[ACTIVITY]
Retype, exactly as they appear below, the lines between the line holding "(0, \<pi> ^ (length" and the line holding "a (canonical L", both ends included.

(Saved entries)

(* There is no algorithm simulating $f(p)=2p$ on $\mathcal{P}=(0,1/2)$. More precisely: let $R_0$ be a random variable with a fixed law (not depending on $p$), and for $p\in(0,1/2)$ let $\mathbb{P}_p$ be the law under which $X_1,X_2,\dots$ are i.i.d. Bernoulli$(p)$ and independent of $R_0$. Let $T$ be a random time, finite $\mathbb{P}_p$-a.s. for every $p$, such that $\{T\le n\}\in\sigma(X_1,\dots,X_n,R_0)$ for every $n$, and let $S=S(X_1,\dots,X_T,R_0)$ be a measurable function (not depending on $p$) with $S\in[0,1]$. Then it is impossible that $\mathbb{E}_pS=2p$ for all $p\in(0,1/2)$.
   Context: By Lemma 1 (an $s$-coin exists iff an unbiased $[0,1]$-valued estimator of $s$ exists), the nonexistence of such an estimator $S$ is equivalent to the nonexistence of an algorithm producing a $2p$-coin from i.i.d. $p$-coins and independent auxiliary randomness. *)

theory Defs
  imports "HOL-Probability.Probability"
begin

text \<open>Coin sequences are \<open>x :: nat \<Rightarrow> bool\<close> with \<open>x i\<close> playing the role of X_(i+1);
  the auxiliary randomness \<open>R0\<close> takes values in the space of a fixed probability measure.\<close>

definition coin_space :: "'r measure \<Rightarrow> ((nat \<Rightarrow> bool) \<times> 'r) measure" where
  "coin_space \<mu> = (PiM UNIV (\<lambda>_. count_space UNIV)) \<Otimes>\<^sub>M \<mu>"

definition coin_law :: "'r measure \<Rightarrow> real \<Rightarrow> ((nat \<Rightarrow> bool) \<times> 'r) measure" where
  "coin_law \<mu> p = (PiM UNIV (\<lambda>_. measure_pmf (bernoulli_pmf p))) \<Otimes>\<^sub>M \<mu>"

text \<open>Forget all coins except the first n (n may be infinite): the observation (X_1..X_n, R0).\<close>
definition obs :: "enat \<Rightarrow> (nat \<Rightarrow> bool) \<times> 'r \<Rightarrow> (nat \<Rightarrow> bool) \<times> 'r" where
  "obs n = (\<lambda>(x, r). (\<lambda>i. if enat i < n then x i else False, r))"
--
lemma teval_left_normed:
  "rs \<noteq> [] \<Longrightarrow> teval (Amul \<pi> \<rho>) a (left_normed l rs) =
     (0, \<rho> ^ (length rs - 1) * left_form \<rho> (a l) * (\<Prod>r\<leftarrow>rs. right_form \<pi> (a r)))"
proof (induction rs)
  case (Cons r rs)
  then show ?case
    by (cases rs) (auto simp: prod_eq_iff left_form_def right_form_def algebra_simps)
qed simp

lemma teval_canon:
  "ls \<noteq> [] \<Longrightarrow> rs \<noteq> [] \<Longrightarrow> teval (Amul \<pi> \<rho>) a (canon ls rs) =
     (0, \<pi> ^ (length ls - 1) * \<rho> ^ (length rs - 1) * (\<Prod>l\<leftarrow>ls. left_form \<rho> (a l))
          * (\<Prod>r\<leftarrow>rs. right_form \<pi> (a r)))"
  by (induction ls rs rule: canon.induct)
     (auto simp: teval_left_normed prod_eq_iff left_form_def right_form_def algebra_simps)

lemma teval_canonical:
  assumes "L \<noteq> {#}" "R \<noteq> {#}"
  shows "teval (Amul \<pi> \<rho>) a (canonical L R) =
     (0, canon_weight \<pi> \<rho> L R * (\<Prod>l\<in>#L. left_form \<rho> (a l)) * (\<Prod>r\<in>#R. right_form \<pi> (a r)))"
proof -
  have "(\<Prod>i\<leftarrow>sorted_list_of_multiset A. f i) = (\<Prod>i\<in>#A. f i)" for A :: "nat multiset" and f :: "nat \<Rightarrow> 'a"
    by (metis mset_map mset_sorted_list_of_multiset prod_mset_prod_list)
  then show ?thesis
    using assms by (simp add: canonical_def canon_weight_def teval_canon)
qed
---
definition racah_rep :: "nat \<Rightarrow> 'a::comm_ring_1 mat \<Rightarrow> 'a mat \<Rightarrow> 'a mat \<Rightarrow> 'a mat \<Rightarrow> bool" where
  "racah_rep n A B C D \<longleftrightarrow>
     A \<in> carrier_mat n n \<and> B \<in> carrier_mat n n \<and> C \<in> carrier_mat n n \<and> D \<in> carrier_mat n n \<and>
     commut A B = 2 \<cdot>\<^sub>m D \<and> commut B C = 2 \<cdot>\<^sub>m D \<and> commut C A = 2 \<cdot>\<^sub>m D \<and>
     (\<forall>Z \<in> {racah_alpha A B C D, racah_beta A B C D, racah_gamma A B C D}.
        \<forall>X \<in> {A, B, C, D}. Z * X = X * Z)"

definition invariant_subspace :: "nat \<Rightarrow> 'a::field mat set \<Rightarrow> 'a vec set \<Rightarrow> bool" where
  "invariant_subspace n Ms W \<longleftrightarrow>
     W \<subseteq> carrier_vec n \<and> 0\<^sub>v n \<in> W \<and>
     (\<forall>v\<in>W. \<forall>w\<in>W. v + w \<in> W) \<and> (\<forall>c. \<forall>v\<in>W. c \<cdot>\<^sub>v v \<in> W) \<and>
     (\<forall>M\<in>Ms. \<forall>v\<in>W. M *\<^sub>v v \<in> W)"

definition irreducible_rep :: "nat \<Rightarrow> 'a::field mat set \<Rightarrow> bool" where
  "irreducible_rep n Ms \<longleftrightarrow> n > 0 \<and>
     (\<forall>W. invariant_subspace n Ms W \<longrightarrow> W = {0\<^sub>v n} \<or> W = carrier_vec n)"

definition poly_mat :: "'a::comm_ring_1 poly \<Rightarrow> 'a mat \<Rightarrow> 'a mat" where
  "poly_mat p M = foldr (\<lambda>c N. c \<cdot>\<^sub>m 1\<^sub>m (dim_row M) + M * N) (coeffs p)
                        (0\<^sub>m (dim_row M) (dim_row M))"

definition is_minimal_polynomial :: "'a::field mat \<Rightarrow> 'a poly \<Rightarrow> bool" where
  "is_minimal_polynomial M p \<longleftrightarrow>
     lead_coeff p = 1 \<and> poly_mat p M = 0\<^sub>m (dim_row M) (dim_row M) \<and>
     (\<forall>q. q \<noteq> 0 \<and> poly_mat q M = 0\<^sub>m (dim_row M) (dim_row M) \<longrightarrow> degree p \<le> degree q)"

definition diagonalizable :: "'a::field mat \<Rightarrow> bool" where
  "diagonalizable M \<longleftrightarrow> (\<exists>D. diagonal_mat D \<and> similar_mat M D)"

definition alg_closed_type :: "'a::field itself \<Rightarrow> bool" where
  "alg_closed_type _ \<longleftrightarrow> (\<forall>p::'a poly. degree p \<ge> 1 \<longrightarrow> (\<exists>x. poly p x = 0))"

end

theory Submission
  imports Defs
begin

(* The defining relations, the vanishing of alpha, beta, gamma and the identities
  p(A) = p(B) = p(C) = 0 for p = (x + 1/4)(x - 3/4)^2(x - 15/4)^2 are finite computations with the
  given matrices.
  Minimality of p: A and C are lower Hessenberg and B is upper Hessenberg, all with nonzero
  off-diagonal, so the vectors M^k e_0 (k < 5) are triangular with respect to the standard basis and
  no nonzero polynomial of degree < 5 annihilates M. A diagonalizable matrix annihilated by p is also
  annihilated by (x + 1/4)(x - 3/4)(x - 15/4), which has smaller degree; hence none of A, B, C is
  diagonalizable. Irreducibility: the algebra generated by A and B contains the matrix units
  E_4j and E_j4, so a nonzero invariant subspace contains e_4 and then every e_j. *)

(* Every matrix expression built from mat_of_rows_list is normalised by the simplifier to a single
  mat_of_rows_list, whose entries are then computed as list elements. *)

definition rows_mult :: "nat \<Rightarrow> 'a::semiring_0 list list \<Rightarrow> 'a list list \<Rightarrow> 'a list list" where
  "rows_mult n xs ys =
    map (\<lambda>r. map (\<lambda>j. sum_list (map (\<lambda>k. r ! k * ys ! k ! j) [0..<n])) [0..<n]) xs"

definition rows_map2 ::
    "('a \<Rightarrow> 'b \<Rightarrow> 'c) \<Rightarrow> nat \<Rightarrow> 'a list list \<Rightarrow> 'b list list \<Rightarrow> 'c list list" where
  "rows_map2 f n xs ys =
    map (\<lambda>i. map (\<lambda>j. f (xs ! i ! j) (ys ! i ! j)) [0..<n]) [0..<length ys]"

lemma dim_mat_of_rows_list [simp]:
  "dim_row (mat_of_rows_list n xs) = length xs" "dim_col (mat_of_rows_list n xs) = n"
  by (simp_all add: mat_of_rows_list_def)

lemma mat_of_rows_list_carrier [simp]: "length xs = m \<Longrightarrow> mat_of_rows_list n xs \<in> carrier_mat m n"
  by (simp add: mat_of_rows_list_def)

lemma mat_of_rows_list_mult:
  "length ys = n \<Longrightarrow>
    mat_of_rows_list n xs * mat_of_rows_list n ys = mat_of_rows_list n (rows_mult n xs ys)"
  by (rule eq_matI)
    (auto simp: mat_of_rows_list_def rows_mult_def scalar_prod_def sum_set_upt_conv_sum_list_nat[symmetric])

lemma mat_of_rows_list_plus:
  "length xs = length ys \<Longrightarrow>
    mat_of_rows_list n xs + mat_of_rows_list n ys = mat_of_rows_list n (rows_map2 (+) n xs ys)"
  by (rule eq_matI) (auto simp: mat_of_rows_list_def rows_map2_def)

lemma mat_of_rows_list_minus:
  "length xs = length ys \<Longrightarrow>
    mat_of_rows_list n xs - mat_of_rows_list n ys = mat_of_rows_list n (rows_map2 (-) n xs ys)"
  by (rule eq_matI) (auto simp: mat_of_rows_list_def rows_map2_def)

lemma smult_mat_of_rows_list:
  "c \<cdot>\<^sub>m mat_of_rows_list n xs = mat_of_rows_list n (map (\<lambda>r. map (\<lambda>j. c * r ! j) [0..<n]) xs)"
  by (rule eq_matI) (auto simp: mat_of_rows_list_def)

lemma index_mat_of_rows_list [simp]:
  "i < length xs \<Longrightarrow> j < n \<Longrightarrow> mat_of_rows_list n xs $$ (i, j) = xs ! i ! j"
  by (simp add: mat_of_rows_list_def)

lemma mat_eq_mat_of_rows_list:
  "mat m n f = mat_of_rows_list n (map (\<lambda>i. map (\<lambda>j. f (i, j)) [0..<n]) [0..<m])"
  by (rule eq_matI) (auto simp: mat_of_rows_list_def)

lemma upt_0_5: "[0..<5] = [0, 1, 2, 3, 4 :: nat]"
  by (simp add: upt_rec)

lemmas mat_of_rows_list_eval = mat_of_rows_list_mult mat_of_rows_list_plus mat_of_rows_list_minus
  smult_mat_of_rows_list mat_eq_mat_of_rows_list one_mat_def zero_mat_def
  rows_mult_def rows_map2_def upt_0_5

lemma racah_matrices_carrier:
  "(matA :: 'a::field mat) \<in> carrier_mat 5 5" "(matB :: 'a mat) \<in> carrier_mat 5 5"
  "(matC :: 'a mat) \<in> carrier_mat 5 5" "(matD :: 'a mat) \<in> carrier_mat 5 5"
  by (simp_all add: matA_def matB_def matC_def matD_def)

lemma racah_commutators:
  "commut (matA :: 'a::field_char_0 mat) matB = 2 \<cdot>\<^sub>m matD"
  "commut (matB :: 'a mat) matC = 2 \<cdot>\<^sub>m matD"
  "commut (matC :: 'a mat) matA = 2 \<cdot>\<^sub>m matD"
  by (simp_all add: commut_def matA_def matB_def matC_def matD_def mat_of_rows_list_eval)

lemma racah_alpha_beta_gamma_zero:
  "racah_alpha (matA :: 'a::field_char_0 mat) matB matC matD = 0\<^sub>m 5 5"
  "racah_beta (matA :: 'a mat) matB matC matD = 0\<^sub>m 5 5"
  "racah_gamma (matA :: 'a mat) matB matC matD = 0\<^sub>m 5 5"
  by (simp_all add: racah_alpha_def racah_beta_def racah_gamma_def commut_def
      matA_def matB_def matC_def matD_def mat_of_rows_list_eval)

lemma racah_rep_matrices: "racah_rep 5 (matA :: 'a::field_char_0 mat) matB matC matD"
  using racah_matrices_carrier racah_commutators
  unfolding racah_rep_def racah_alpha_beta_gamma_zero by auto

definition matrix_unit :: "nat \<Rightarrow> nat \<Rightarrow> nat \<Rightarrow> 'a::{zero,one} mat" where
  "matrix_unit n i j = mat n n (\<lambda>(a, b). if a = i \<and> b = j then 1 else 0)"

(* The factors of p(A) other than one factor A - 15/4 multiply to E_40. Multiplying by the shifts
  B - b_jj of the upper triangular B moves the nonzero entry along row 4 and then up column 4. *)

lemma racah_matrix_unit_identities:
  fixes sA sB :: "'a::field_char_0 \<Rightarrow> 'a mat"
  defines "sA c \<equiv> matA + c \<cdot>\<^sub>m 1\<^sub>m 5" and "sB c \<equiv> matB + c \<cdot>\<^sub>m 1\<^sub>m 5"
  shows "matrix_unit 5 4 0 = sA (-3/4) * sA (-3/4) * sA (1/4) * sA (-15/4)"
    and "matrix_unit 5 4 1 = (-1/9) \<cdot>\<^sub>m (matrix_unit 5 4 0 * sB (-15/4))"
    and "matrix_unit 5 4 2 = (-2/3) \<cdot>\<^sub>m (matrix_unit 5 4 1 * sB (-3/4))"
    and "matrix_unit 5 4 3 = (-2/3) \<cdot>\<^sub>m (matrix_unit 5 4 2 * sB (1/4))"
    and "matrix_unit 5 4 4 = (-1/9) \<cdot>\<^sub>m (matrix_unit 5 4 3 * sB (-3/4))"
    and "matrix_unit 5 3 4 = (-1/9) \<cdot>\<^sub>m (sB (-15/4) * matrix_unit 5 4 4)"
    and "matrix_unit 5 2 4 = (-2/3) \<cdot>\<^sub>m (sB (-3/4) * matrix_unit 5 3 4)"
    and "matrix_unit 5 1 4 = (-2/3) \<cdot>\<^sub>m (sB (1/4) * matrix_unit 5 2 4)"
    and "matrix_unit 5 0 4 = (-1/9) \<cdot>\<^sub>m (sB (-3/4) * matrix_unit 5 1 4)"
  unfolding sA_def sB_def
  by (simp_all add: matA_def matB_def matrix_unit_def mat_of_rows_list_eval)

[FINISHED TASK]
     (0, \<pi> ^ (length ls - 1) * \<rho> ^ (length rs - 1) * (\<Prod>l\<leftarrow>ls. left_form \<rho> (a l))
          * (\<Prod>r\<leftarrow>rs. right_form \<pi> (a r)))"
  by (induction ls rs rule: canon.induct)
     (auto simp: teval_left_normed prod_eq_iff left_form_def right_form_def algebra_simps)

lemma teval_canonical:
  assumes "L \<noteq> {#}" "R \<noteq> {#}"
  shows "teval (Amul \<pi> \<rho>) a (canonical L R) =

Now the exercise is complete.